**Supplied records**
--- --- ---

lemma detector_XX_parity_final:
  assumes det: "detector M D" and checks: "\<And>t. M t \<subseteq> bs_checks d" and "\<forall>e\<in>D. fst e < U"
  shows "\<not> XX_parity D k c U"
proof -
  have "{e \<in> D. fst e < U} = D" using assms(3) by auto
  then have "fst (eprod {e \<in> D. fst e < U}) = {}"
    using det by (simp add: detector_def pid_def)
  then have parity: "XX_parity D i j U \<longleftrightarrow> 0 < j \<and> XX_parity D i (j - 1) U" for i j
    using fst_eprod_prefix[OF detector_finite[OF det] detector_checks[OF det checks], of i j U]
    by blast
  show ?thesis
  proof (induction c)
    case 0
    show ?case using parity[of k 0] by simp
  next
    case (Suc c)
    then show ?case using parity[of k "Suc c"] by simp
  qed
qed

lemma detector_XX_parity_ZZ:
  assumes det: "detector M D" and checks: "\<And>t. M t \<subseteq> bs_checks d"
    and "ZZ r j \<in> M u" "0 < j"
  shows "(XX_parity D r (j - 1) u \<noteq> XX_parity D (Suc r) (j - 1) u) \<longleftrightarrow>
    (XX_parity D r j u \<noteq> XX_parity D (Suc r) j u)"
proof (cases "(\<exists>s\<in>fst ` D. s < u) \<and> (\<exists>s\<in>fst ` D. u \<le> s)")
  case True
  then have "commute (eprod {e \<in> D. fst e < u}) (ZZ r j)"
    using detector_prefix_commute[OF det _ _ assms(3)] by blast
  then show ?thesis
    using fst_eprod_prefix[OF detector_finite[OF det] detector_checks[OF det checks]] assms(4)
    by (auto simp: commute_ZZ_iff)
next
  case False
  have "\<not> XX_parity D k c u" for k c
  proof (cases "\<exists>s\<in>fst ` D. s < u")
    case True
    with False have "\<forall>e\<in>D. fst e < u" by auto
    then show ?thesis by (rule detector_XX_parity_final[OF det checks])
  next
    case False
    show ?thesis
    proof
      assume "XX_parity D k c u"
      then obtain s where "s < u" "(s, XX k c) \<in> D" by (rule XX_parity_imp_measured)
      then show False using False by force
    qed
  qed
  then show ?thesis by simp
qed

text \<open>Along a blue strip the measured ZZ checks transport equality of the parities in two
  adjacent rows; outside the measurement rounds of its XX checks a blue box keeps them equal.\<close>

lemma detector_XX_parity_blue:
  assumes sol: "solution d R C" and det: "detector (coloring_schedule d R C) D"
  shows "r < d - 1 \<Longrightarrow> c < d - 1 \<Longrightarrow> \<not> C (t mod R) (r, c) \<Longrightarrow>
    XX_parity D r c t \<longleftrightarrow> XX_parity D (Suc r) c t"
proof (induction t arbitrary: c)
  case 0
  show ?case by simp
next
  case (Suc t)
  obtain lo hi c0 where strip: "lo \<le> c" "c \<le> hi" "lo \<le> c0" "c0 \<le> hi" "hi < d - 1"
    "\<not> C (t mod R) (r, c0)" "\<And>k. lo \<le> k \<Longrightarrow> k \<le> hi \<Longrightarrow> \<not> C (Suc t mod R) (r, k)"
    using follows_blue_strip[OF solution_follows[OF sol] Suc.prems] by blast
  have "XX r c0 \<notin> coloring_schedule d R C t" "XX (Suc r) c0 \<notin> coloring_schedule d R C t"
    using strip Suc.prems(1) by (simp_all add: XX_in_coloring_schedule)
  then have "(t, XX r c0) \<notin> D" "(t, XX (Suc r) c0) \<notin> D"
    using detector_measured[OF det] by blast+
  then have "XX_parity D r c0 (Suc t) \<longleftrightarrow> XX_parity D (Suc r) c0 (Suc t)"
    using Suc.IH[of c0] Suc.prems(1) strip by (simp add: XX_parity_Suc)
  moreover have "(XX_parity D r k (Suc t) \<noteq> XX_parity D (Suc r) k (Suc t)) \<longleftrightarrow>
      (XX_parity D r (Suc k) (Suc t) \<noteq> XX_parity D (Suc r) (Suc k) (Suc t))"
    if "lo \<le> k" "k < hi" for k
  proof -
    have "ZZ r (Suc k) \<in> coloring_schedule d R C (Suc t)"
      using that Suc.prems(1) strip(5,7) by (simp add: ZZ_in_coloring_schedule)
    then show ?thesis
      using detector_XX_parity_ZZ[OF det coloring_schedule_subset_bs_checks, of r "Suc k" "Suc t"]
      by simp
  qed
  ultimately show ?case
    using iff_along_interval[where P = "\<lambda>k. XX_parity D r k (Suc t) \<noteq> XX_parity D (Suc r) k (Suc t)"
        and lo = lo and hi = hi and i = c and j = c0] strip
    by blast
qed

section \<open>Decomposing detectors\<close>

text \<open>Unlike detectors, column detectors may be empty, so they are closed under symmetric
  difference.\<close>

definition column_detector :: "nat \<Rightarrow> nat \<Rightarrow> (nat \<Rightarrow> coloring) \<Rightarrow> nat \<Rightarrow> event set \<Rightarrow> bool" where
  "column_detector d R C c E \<longleftrightarrow> finite E
     \<and> (\<forall>e\<in>E. \<exists>k. snd e = XX k c \<and> snd e \<in> coloring_schedule d R C (fst e))
     \<and> (\<forall>u r j. ZZ r j \<in> coloring_schedule d R C u \<longrightarrow> (j = c \<or> j = Suc c) \<longrightarrow>
          (XX_parity E r c u \<longleftrightarrow> XX_parity E (Suc r) c u))
     \<and> (\<exists>U. (\<forall>e\<in>E. fst e < U) \<and> (\<forall>k. \<not> XX_parity E k c U))"

lemma column_detector_other_column:
  assumes "column_detector d R C c E" "c' \<noteq> c"
  shows "\<not> XX_parity E k c' u"
  using assms by (auto simp: column_detector_def elim!: XX_parity_imp_measured)

lemma column_detector_XX_parity_bound:
  assumes "column_detector d R C c E" "XX_parity E k c u"
  shows "k < d"
  using assms
  by (auto simp: column_detector_def XX_in_coloring_schedule elim!: XX_parity_imp_measured)

lemma fst_eprod_prefix_column:
  assumes "column_detector d R C c E"
  shows "(i, j) \<in> fst (eprod {e \<in> E. fst e < u}) \<longleftrightarrow> (j = c \<or> j = Suc c) \<and> XX_parity E i c u"
proof -
  have "finite E" "\<forall>e\<in>E. snd e \<in> bs_checks d"
    using assms coloring_schedule_subset_bs_checks unfolding column_detector_def by blast+
  then show ?thesis
    using fst_eprod_prefix column_detector_other_column[OF assms]
    by (cases "j = c"; cases "j = Suc c") auto
qed

lemma column_detector_detector:
  assumes col: "column_detector d R C c E" and "E \<noteq> {}"
  shows "detector (coloring_schedule d R C) E"
proof (rule detectorI_prefix)
  have events: "\<forall>e\<in>E. \<exists>k. snd e = XX k c \<and> snd e \<in> coloring_schedule d R C (fst e)"
    and parity: "\<And>u r j. ZZ r j \<in> coloring_schedule d R C u \<Longrightarrow> j = c \<or> j = Suc c \<Longrightarrow>
      XX_parity E r c u \<longleftrightarrow> XX_parity E (Suc r) c u"
    using col by (auto simp: column_detector_def)
  obtain U where U: "\<forall>e\<in>E. fst e < U" "\<forall>k. \<not> XX_parity E k c U"
    using col by (auto simp: column_detector_def)
  show "finite E" using col by (simp add: column_detector_def)
  show "E \<noteq> {}" by fact
  show "\<forall>(t, p)\<in>E. p \<in> coloring_schedule d R C t" using events by auto
  have "{e \<in> E. fst e < U} = E" using U(1) by auto
  then have "fst (eprod E) = {}"
    using fst_eprod_prefix_column[OF col, of _ _ U] U(2) by auto
  moreover have "snd (eprod E) = {}"
    using events by (intro snd_eprod_XX_events) blast
  ultimately show "eprod E = pid" by (simp add: pid_def prod_eq_iff)
next
  fix u q assume "q \<in> coloring_schedule d R C u"
  then show "commute (eprod {e \<in> E. fst e < u}) q"
  proof (cases rule: coloring_schedule_cases)
    case (1 k c')
    have "snd (eprod {e \<in> E. fst e < u}) = {}"
      using col by (intro snd_eprod_XX_events) (auto simp: column_detector_def)
    then show ?thesis using 1 by (simp add: commute_XX)
  next
    case (2 r j)
    have "XX_parity E r c u \<longleftrightarrow> XX_parity E (Suc r) c u" if "j = c \<or> j = Suc c"
      using col 2 that unfolding column_detector_def by blast
    then show ?thesis unfolding 2(1) commute_ZZ_iff fst_eprod_prefix_column[OF col] by blast
  qed
qed

definition column_part :: "event set \<Rightarrow> nat \<Rightarrow> event set" where
  "column_part D c = {e \<in> D. \<exists>k. snd e = XX k c}"

lemma XX_parity_column_part: "XX_parity (column_part D c) k c u = XX_parity D k c u"
  by (simp add: XX_parity_def column_part_def)

lemma column_detector_column_part:
  assumes sol: "solution d R C" and det: "detector (coloring_schedule d R C) D" and "c < d - 1"
  shows "column_detector d R C c (column_part D c)"
  unfolding column_detector_def
proof (intro conjI allI impI)
  show "finite (column_part D c)"
    using detector_finite[OF det] by (simp add: column_part_def)
  show "\<forall>e\<in>column_part D c. \<exists>k. snd e = XX k c \<and> snd e \<in> coloring_schedule d R C (fst e)"
    using detector_measured[OF det] by (force simp: column_part_def)
next
  fix u r j assume "ZZ r j \<in> coloring_schedule d R C u" "j = c \<or> j = Suc c"
  then have "r < d - 1" "\<not> C (u mod R) (r, c)"
    using assms(3) by (auto simp: ZZ_in_coloring_schedule)
  then show "XX_parity (column_part D c) r c u \<longleftrightarrow> XX_parity (column_part D c) (Suc r) c u"
    using detector_XX_parity_blue[OF sol det] assms(3) by (simp add: XX_parity_column_part)
next
  obtain U where U: "\<forall>e\<in>D. fst e < U"
    using detector_finite[OF det] finite_nat_set_iff_bounded[of "fst ` D"] by auto
  then have "\<forall>e\<in>column_part D c. fst e < U"
    by (simp add: column_part_def)
  moreover have "\<forall>k. \<not> XX_parity (column_part D c) k c U"
    using detector_XX_parity_final[OF det coloring_schedule_subset_bs_checks U]
    by (simp add: XX_parity_column_part)
  ultimately show "\<exists>U. (\<forall>e\<in>column_part D c. fst e < U) \<and> (\<forall>k. \<not> XX_parity (column_part D c) k c U)"
    by blast
qed

lemma column_detector_symd:
  assumes A: "column_detector d R C c A" and B: "column_detector d R C c B"
  shows "column_detector d R C c (symd A B)"
proof -
  obtain UA UB where UA: "\<forall>e\<in>A. fst e < UA" "\<forall>k. \<not> XX_parity A k c UA"
    and UB: "\<forall>e\<in>B. fst e < UB" "\<forall>k. \<not> XX_parity B k c UB"
    using A B by (auto simp: column_detector_def)
  have "\<forall>e\<in>symd A B. fst e < max UA UB"
    using UA(1) UB(1) by fastforce
  moreover have "\<not> XX_parity (symd A B) k c (max UA UB)" for k
    using XX_parity_after_last[OF UA(1), of "max UA UB"] XX_parity_after_last[OF UB(1), of "max UA UB"]
      UA(2) UB(2) by (simp add: XX_parity_symd)
  moreover have "\<forall>e\<in>symd A B. \<exists>k. snd e = XX k c \<and> snd e \<in> coloring_schedule d R C (fst e)"
    using A B unfolding column_detector_def symd_def by blast
  ultimately show ?thesis
    using A B by (simp add: column_detector_def finite_symd XX_parity_symd) blast
qed

text \<open>Measuring in round u the XX checks of odd parity closes all parities; these checks are
  measured when the column is fully red in round u.\<close>

definition column_cut :: "event set \<Rightarrow> nat \<Rightarrow> nat \<Rightarrow> event set" where
  "column_cut E c u = {e \<in> E. fst e < u} \<union> {(u, XX k c) | k. XX_parity E k c u}"

lemma XX_parity_column_cut:
  "XX_parity (column_cut E c u') k c u \<longleftrightarrow> u \<le> u' \<and> XX_parity E k c u"
proof (cases "u \<le> u'")
  case True
  have "{s. s < u \<and> (s, XX k c) \<in> column_cut E c u'} = {s. s < u \<and> (s, XX k c) \<in> E}"
    using True by (auto simp: column_cut_def)
  then show ?thesis using True by (simp add: XX_parity_def)
next
  case False
  have before: "XX_parity (column_cut E c u') k c u' \<longleftrightarrow> XX_parity E k c u'"
    unfolding XX_parity_def by (rule arg_cong[where f = "\<lambda>A. odd (card A)"]) (auto simp: column_cut_def)
  have "\<forall>e\<in>column_cut E c u'. fst e < Suc u'"
    by (auto simp: column_cut_def)
  then have "XX_parity (column_cut E c u') k c u = XX_parity (column_cut E c u') k c (Suc u')"
    using False by (intro XX_parity_after_last) auto
  also have "\<dots> \<longleftrightarrow> False"
    using before by (simp add: XX_parity_Suc column_cut_def)
  finally show ?thesis using False by simp
qed

lemma column_detector_column_cut:
  assumes col: "column_detector d R C c E" and "c < d - 1" and red: "\<forall>r<d - 1. C (u' mod R) (r, c)"
  shows "column_detector d R C c (column_cut E c u')"
  unfolding column_detector_def
proof (intro conjI allI impI)
  have "{(u', XX k c) | k. XX_parity E k c u'} \<subseteq> (\<lambda>k. (u', XX k c)) ` {..<d}"
    using column_detector_XX_parity_bound[OF col] by blast
  then have "finite {(u', XX k c) | k. XX_parity E k c u'}"
    by (rule finite_subset) simp
  then show "finite (column_cut E c u')"
    using col by (simp add: column_cut_def column_detector_def)
  have "XX k c \<in> coloring_schedule d R C u'" if "XX_parity E k c u'" for k
    using column_detector_XX_parity_bound[OF col that] assms(2) red
    by (simp add: XX_in_coloring_schedule)
  then show "\<forall>e\<in>column_cut E c u'. \<exists>k. snd e = XX k c \<and> snd e \<in> coloring_schedule d R C (fst e)"
    using col by (auto simp: column_cut_def column_detector_def)
next
  fix u r j assume "ZZ r j \<in> coloring_schedule d R C u" "j = c \<or> j = Suc c"
  then have "XX_parity E r c u \<longleftrightarrow> XX_parity E (Suc r) c u"
    using col unfolding column_detector_def by blast
  then show "XX_parity (column_cut E c u') r c u \<longleftrightarrow> XX_parity (column_cut E c u') (Suc r) c u"
    by (simp add: XX_parity_column_cut)
next
  have "\<forall>e\<in>column_cut E c u'. fst e < Suc u'"
    by (auto simp: column_cut_def)
  then show "\<exists>U. (\<forall>e\<in>column_cut E c u'. fst e < U) \<and> (\<forall>k. \<not> XX_parity (column_cut E c u') k c U)"
    by (auto simp: XX_parity_column_cut)
qed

--- --- ---

**The task**
Above are the records. How many of their lines hold "open"? Answer with the number alone.

**Answer to this problem**
4